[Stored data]
[Start of section]

text \<open>Gabriel filters (Gabriel topologies) of left ideals; the lattice R-Tors of hereditary
  torsion theories is identified with the lattice of Gabriel filters ordered by inclusion
  (torsion class of F: modules all of whose elements have annihilator in F).\<close>
definition gabriel :: "('a, 'c) ring_scheme \<Rightarrow> 'a set set \<Rightarrow> bool" where
  "gabriel R F \<longleftrightarrow>
     (\<forall>I\<in>F. left_ideal R I) \<and> carrier R \<in> F \<and>
     (\<forall>I\<in>F. \<forall>J. left_ideal R J \<and> I \<subseteq> J \<longrightarrow> J \<in> F) \<and>
     (\<forall>I\<in>F. \<forall>J\<in>F. I \<inter> J \<in> F) \<and>
     (\<forall>I\<in>F. \<forall>a\<in>carrier R. lquot R I a \<in> F) \<and>
     (\<forall>J. left_ideal R J \<and> (\<exists>I\<in>F. \<forall>a\<in>I. lquot R J a \<in> F) \<longrightarrow> J \<in> F)"

definition ann :: "('a, 'c) ring_scheme \<Rightarrow> ('a, 'b, 'd) module_scheme \<Rightarrow> 'b \<Rightarrow> 'a set" where
  "ann R M m = {r \<in> carrier R. r \<odot>\<^bsub>M\<^esub> m = \<zero>\<^bsub>M\<^esub>}"

definition is_torsion :: "('a, 'c) ring_scheme \<Rightarrow> 'a set set \<Rightarrow> ('a, 'b, 'd) module_scheme \<Rightarrow> bool" where
  "is_torsion R F M \<longleftrightarrow> (\<forall>m\<in>carrier M. ann R M m \<in> F)"

definition is_torsionfree :: "('a, 'c) ring_scheme \<Rightarrow> 'a set set \<Rightarrow> ('a, 'b, 'd) module_scheme \<Rightarrow> bool" where
  "is_torsionfree R F M \<longleftrightarrow> (\<forall>m\<in>carrier M. ann R M m \<in> F \<longrightarrow> m = \<zero>\<^bsub>M\<^esub>)"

[End of section]

### What you should do
Could you transcribe each entry exactly as it stands?

### Problem solution
text \<open>Gabriel filters (Gabriel topologies) of left ideals; the lattice R-Tors of hereditary
  torsion theories is identified with the lattice of Gabriel filters ordered by inclusion
  (torsion class of F: modules all of whose elements have annihilator in F).\<close>
definition gabriel :: "('a, 'c) ring_scheme \<Rightarrow> 'a set set \<Rightarrow> bool" where
  "gabriel R F \<longleftrightarrow>
     (\<forall>I\<in>F. left_ideal R I) \<and> carrier R \<in> F \<and>
     (\<forall>I\<in>F. \<forall>J. left_ideal R J \<and> I \<subseteq> J \<longrightarrow> J \<in> F) \<and>
     (\<forall>I\<in>F. \<forall>J\<in>F. I \<inter> J \<in> F) \<and>
     (\<forall>I\<in>F. \<forall>a\<in>carrier R. lquot R I a \<in> F) \<and>
     (\<forall>J. left_ideal R J \<and> (\<exists>I\<in>F. \<forall>a\<in>I. lquot R J a \<in> F) \<longrightarrow> J \<in> F)"

definition ann :: "('a, 'c) ring_scheme \<Rightarrow> ('a, 'b, 'd) module_scheme \<Rightarrow> 'b \<Rightarrow> 'a set" where
  "ann R M m = {r \<in> carrier R. r \<odot>\<^bsub>M\<^esub> m = \<zero>\<^bsub>M\<^esub>}"

definition is_torsion :: "('a, 'c) ring_scheme \<Rightarrow> 'a set set \<Rightarrow> ('a, 'b, 'd) module_scheme \<Rightarrow> bool" where
  "is_torsion R F M \<longleftrightarrow> (\<forall>m\<in>carrier M. ann R M m \<in> F)"

definition is_torsionfree :: "('a, 'c) ring_scheme \<Rightarrow> 'a set set \<Rightarrow> ('a, 'b, 'd) module_scheme \<Rightarrow> bool" where
  "is_torsionfree R F M \<longleftrightarrow> (\<forall>m\<in>carrier M. ann R M m \<in> F \<longrightarrow> m = \<zero>\<^bsub>M\<^esub>)"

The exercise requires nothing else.